(SUPPLIED DATA Opens)
lemma shelling_step:
  assumes ideal: "int_order_ideal E indep R I"
    and B: "basis indep B" "B \<notin> I"
    and earlier: "\<forall>C\<in>A. basis indep C \<and> C \<noteq> B \<and> card (IP C) \<le> card (IP B)"
    and smaller: "\<forall>C. basis indep C \<and> card (IP C) < card (IP B) \<longrightarrow> C \<in> I \<union> A"
  shows "pure_card (gen_complex (I \<union> A) \<inter> gen_complex {B}) (card B - 1)"
proof (rule pure_card_if_restriction[OF basis_finite[OF B(1)] IP_subset])
  have finite_IP: "finite (IP B)"
    using basis_finite[OF B(1)] IP_subset finite_subset by blast
  show "\<forall>C\<in>I \<union> A. \<not> IP B \<subseteq> C"
  proof (intro ballI notI)
    fix C assume C: "C \<in> I \<union> A" and "IP B \<subseteq> C"
    have "basis indep C"
      using C ideal earlier unfolding int_order_ideal_def by blast
    then have sub: "IP B \<subseteq> IP C"
      using IP_mono B(1) \<open>IP B \<subseteq> C\<close> by blast
    show False
    proof (cases "C \<in> I")
      case True
      then show False
        using ideal B sub unfolding int_order_ideal_def by blast
    next
      case False
      then have "C \<in> A"
        using C by blast
      have "finite (IP C)"
        using finite_subset[OF IP_subset basis_finite[OF \<open>basis indep C\<close>]] .
      moreover have "card (IP C) \<le> card (IP B)"
        using earlier \<open>C \<in> A\<close> by blast
      ultimately have "card (IP B) = card (IP C)"
        using card_mono[OF \<open>finite (IP C)\<close> sub] by linarith
      then have "IP B = IP C"
        using card_subset_eq[OF \<open>finite (IP C)\<close> sub] by blast
      then show False
        using IP_inj[OF B(1) \<open>basis indep C\<close>] earlier \<open>C \<in> A\<close> by blast
    qed
  qed
  show "\<forall>b\<in>IP B. \<exists>C\<in>I \<union> A. B - {b} \<subseteq> C"
  proof
    fix b assume "b \<in> IP B"
    then obtain B' where B': "basis indep B'" "B - {b} \<subseteq> B'" "IP B' \<subset> IP B"
      by (rule IP_exchange[OF B(1)])
    then have "card (IP B') < card (IP B)"
      using finite_IP psubset_card_mono by blast
    then show "\<exists>C\<in>I \<union> A. B - {b} \<subseteq> C"
      using smaller B' by blast
  qed
qed

lemma order_ideal_shelling_extends:
  assumes Bs: "partial_shelling indep Bs" and ideal: "int_order_ideal E indep R (set Bs)"
  shows "\<exists>Bs'. set Bs' = {B. basis indep B} - set Bs \<and> distinct Bs' \<and>
               shelling_order indep (Bs @ Bs')"
proof -
  define T where "T = {B. basis indep B} - set Bs"
  have "T \<subseteq> Pow E"
    unfolding T_def using basis_indep indep_subset_E by blast
  then have "finite T"
    using finite_E by (simp add: finite_subset)
  then obtain xs where xs: "set xs = T" "distinct xs"
    using finite_distinct_list by blast
  define Bs' where "Bs' = sort_key (\<lambda>B. card (IP B)) xs"
  have Bs': "set Bs' = T" "distinct Bs'" "sorted (map (\<lambda>B. card (IP B)) Bs')"
    unfolding Bs'_def using xs by auto
  have steps: "pure_card (gen_complex (set Bs \<union> set (take k Bs')) \<inter> gen_complex {Bs' ! k})
          (card (Bs' ! k) - 1)" if k: "k < length Bs'" for k
  proof (rule shelling_step[OF ideal])
    show "basis indep (Bs' ! k)" "Bs' ! k \<notin> set Bs"
      using nth_mem[OF k] Bs'(1) unfolding T_def by auto
    have "Bs' ! k \<notin> set (take k Bs')"
      using Bs'(2) by (subst (asm) id_take_nth_drop[OF k]) simp
    then show "\<forall>C\<in>set (take k Bs'). basis indep C \<and> C \<noteq> Bs' ! k \<and> card (IP C) \<le> card (IP (Bs' ! k))"
      using Bs'(1) sorted_key_take_le[OF Bs'(3) k] set_take_subset[of k Bs'] unfolding T_def by blast
    show "\<forall>C. basis indep C \<and> card (IP C) < card (IP (Bs' ! k)) \<longrightarrow> C \<in> set Bs \<union> set (take k Bs')"
      using mem_take_if_key_less[OF Bs'(3) k] Bs'(1) unfolding T_def by blast
  qed
  have "distinct (Bs @ Bs')"
    using Bs Bs'(1,2) unfolding partial_shelling_def T_def by auto
  moreover have "\<forall>B\<in>set Bs'. basis indep B"
    using Bs'(1) unfolding T_def by blast
  ultimately have "partial_shelling indep (Bs @ Bs')"
    using partial_shelling_append[OF Bs] steps by blast
  moreover have "set (Bs @ Bs') = {B. basis indep B}"
    using Bs Bs'(1) unfolding T_def partial_shelling_def by auto
  ultimately show ?thesis
    using Bs' unfolding T_def shelling_order_def by blast
qed

end

theorem corollary5p3:
  fixes E :: "'a set" and indep :: "'a set \<Rightarrow> bool" and Bs :: "'a set list"
  assumes "matroid E indep"
    and "Bs \<noteq> []"
    and "partial_shelling indep Bs"
    and "\<exists>R. linear_order_on E R \<and> int_order_ideal E indep R (set Bs)"
  shows "\<exists>Bs'. set Bs' = {B. basis indep B} - set Bs \<and> distinct Bs' \<and>
               shelling_order indep (Bs @ Bs')"
proof -
  obtain R where "linear_order_on E R" "int_order_ideal E indep R (set Bs)"
    using assms(4) by blast
  then interpret ordered_matroid E indep R
    using assms(1) by unfold_locales
  show ?thesis
    using order_ideal_shelling_extends[OF assms(3)] \<open>int_order_ideal E indep R (set Bs)\<close> .
qed

end
(* For integers $n\ge2$ let $P_n$ denote the Legendre polynomials and define $$\tilde P_n(z)=\frac1{n+2}\Big(nP_n(z)-\frac2{n-1}P_{n-1}'(z)\Big).$$ Then $\tilde P_n=\partial_z G_n$ where $G_n$ solves $\big((1-z^2)G_{n,z}\big)_{,z}=(z^2-1)P_n'(z)$, and the polynomials $\tilde P_n$ are orthogonal on $[-1,1]$: $$\int_{-1}^1\tilde P_k(z)\tilde P_n(z)\,dz=\frac{2n(n+1)}{(n-1)(n+2)(2n+1)}\,\delta_{kn},\qquad k,n\ge2 .$$ *)

theory Defs
  imports "HOL-Analysis.Analysis" "HOL-Computational_Algebra.Polynomial"
begin

text \<open>Legendre polynomials, via Bonnet's recurrence:
  P_0 = 1, P_1 = z, (m+2) P_(m+2) = (2m+3) z P_(m+1) - (m+1) P_m.\<close>
fun legendre :: "nat \<Rightarrow> real poly" where
  "legendre 0 = 1"
| "legendre (Suc 0) = [:0, 1:]"
| "legendre (Suc (Suc m)) =
     smult (1 / real (m + 2))
       (smult (real (2 * m + 3)) ([:0, 1:] * legendre (Suc m)) - smult (real (m + 1)) (legendre m))"

definition legendre_tilde :: "nat \<Rightarrow> real poly" where
  "legendre_tilde n =
     smult (1 / (real n + 2))
       (smult (real n) (legendre n) - smult (2 / (real n - 1)) (pderiv (legendre (n - 1))))"

end

theory Submission
  imports Defs
begin

text \<open>Induction along Bonnet's recurrence gives \<open>z P_n' - P_(n-1)' = n P_n\<close> and
  \<open>(1 - z^2) P_n' = n (P_(n-1) - z P_n)\<close>, hence Legendre's equation
  \<open>((1 - z^2) P_n')' = -n(n+1) P_n\<close>. Eliminating \<open>P_(n-1)'\<close> with it shows
  \<open>Pt_n = -(1 - z^2) P_n'' / ((n-1)(n+2))\<close>, and differentiating Legendre's equation once more
  gives \<open>((1 - z^2) Pt_n)' = (1 - z^2) P_n'\<close>, so any antiderivative of \<open>Pt_n\<close> is a valid \<open>G_n\<close>.
  For the integrals, one integration by parts, whose boundary terms vanish thanks to the factor
  \<open>1 - z^2\<close>, turns \<open>\<integral> Pt_k Pt_n\<close> into \<open>k(k+1)/((k-1)(k+2)) \<integral> P_k P_n\<close>, and the classical
  relation \<open>\<integral> P_k P_n = 2 \<delta>_kn / (2n+1)\<close> finishes the proof.\<close>

section \<open>Identities for Legendre polynomials\<close>

lemma poly_legendre_Suc_Suc:
  "(real m + 2) * poly (legendre (Suc (Suc m))) z
     = (2 * real m + 3) * z * poly (legendre (Suc m)) z - (real m + 1) * poly (legendre m) z"
  by (simp add: field_simps)

lemma poly_pderiv_legendre_Suc_Suc:
  "(real m + 2) * poly (pderiv (legendre (Suc (Suc m)))) z
     = (2 * real m + 3) * (poly (legendre (Suc m)) z + z * poly (pderiv (legendre (Suc m))) z)
       - (real m + 1) * poly (pderiv (legendre m)) z"
  by (simp add: field_simps pderiv_smult pderiv_diff pderiv_mult pderiv_pCons)

text \<open>Bonnet's recurrence in a form valid for every \<open>n\<close>: for \<open>n = 0\<close> the junk
  term \<open>legendre (0 - 1)\<close> carries the factor \<open>0\<close>.\<close>

lemma legendre_recurrence:
  "smult (real n + 1) (legendre (Suc n))
     = smult (2 * real n + 1) ([:0, 1:] * legendre n) - smult (real n) (legendre (n - 1))"
proof (cases n)
  case (Suc m)
  show ?thesis
    unfolding poly_eq_poly_eq_iff[symmetric] fun_eq_iff
    using poly_legendre_Suc_Suc[of m] by (auto simp: Suc algebra_simps)
qed simp

lemma poly_legendre_pderiv_identities:
  "z * poly (pderiv (legendre (Suc m))) z - poly (pderiv (legendre m)) z
     = (real m + 1) * poly (legendre (Suc m)) z
   \<and> (z * z - 1) * poly (pderiv (legendre (Suc m))) z
     = (real m + 1) * (z * poly (legendre (Suc m)) z - poly (legendre m) z)"
proof (induction m)
  case 0
  show ?case by (simp add: pderiv_pCons algebra_simps)
next
  case (Suc m)
  define p q r where "p = poly (legendre m) z" and "q = poly (legendre (Suc m)) z"
    and "r = poly (legendre (Suc (Suc m))) z"
  define p' q' r' where "p' = poly (pderiv (legendre m)) z"
    and "q' = poly (pderiv (legendre (Suc m))) z" and "r' = poly (pderiv (legendre (Suc (Suc m)))) z"
  have IH: "z * q' - p' = (real m + 1) * q" "(z * z - 1) * q' = (real m + 1) * (z * q - p)"
    using Suc.IH unfolding p_def q_def p'_def q'_def by auto
  have rec: "(real m + 2) * r = (2 * real m + 3) * z * q - (real m + 1) * p"
    unfolding r_def q_def p_def by (rule poly_legendre_Suc_Suc)
  have rec': "(real m + 2) * r' = (2 * real m + 3) * (q + z * q') - (real m + 1) * p'"
    unfolding r'_def q_def p'_def q'_def by (rule poly_pderiv_legendre_Suc_Suc)
  have "(real m + 2) * (z * r' - q') = (real m + 2) * ((real m + 2) * r)"
    using IH rec rec' by algebra
  moreover have "(real m + 2) * ((z * z - 1) * r') = (real m + 2) * ((real m + 2) * (z * r - q))"
    using IH rec rec' by algebra
  ultimately show ?case
    unfolding p_def q_def r_def p'_def q'_def r'_def by (simp add: add.commute)
qed
theorem mainTheorem13:
  fixes s :: nat
  assumes "s > 1"
  shows "(\<forall>n::nat. n \<ge> 1 \<longrightarrow> (\<forall>y \<in> carrier_vec s. y $ (s - 1) = 0 \<longrightarrow>
            (\<exists>!x. x \<in> carrier_vec s \<and> x $ 0 = 0 \<and> (M_mat s ^\<^sub>m n - 1\<^sub>m s) *\<^sub>v x = y)))
       \<and> (\<forall>n::nat. \<forall>k::nat. \<forall>y x. n \<ge> 1 \<and> 3 \<le> k \<and> k \<le> s
            \<and> y \<in> carrier_vec s \<and> y $ (s - 1) = 0
            \<and> x \<in> carrier_vec s \<and> x $ 0 = 0 \<and> (M_mat s ^\<^sub>m n - 1\<^sub>m s) *\<^sub>v x = y
            \<and> (\<forall>i. s - k + 2 \<le> i + 1 \<and> i < s \<longrightarrow> y $ i = 0)
            \<longrightarrow> (\<forall>j. s - k + 3 \<le> j + 1 \<and> j < s \<longrightarrow> x $ j = 0))
       \<and> (\<exists>C::real. C > 0 \<and> (\<forall>n::nat. \<forall>\<kappa>::real. \<forall>y x. n \<ge> 1 \<and> \<kappa> > 0
            \<and> y \<in> carrier_vec s \<and> y $ (s - 1) = 0
            \<and> (\<forall>i. i < s - 1 \<longrightarrow> \<bar>y $ i\<bar> \<le> \<kappa> / real n ^ i)
            \<and> x \<in> carrier_vec s \<and> x $ 0 = 0 \<and> (M_mat s ^\<^sub>m n - 1\<^sub>m s) *\<^sub>v x = y
            \<longrightarrow> (\<forall>j. 1 \<le> j \<and> j < s \<longrightarrow> \<bar>x $ j\<bar> \<le> C * \<kappa> / real n ^ j)))"
proof (intro conjI allI impI ballI exI[of _ "2 ^ s"], goal_cases)
  case (1 n y)
  then show ?case using assms solution_exists solution_unique by (metis less_imp_le_nat)
next
  case (2 n k y x j)
  then show ?case using solution_zero_tail[where n = n and x = x and y = y and r = "s - k + 1"] by auto
next
  case 3
  then show ?case by simp
next
  case (4 n \<kappa> y x j)
  then show ?case using solution_bound[where n = n and x = x and y = y and \<kappa> = \<kappa>] by auto
qed

end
(SUPPLIED DATA Closes)
### [TASK PROMPT]
Print, from the entries above, the line with "show ?case by (simp", the line with "define p' q'" and all lines between them, exactly and with nothing else.

### [RESULT OF THE EXERCISE]
  show ?case by (simp add: pderiv_pCons algebra_simps)
next
  case (Suc m)
  define p q r where "p = poly (legendre m) z" and "q = poly (legendre (Suc m)) z"
    and "r = poly (legendre (Suc (Suc m))) z"
  define p' q' r' where "p' = poly (pderiv (legendre m)) z"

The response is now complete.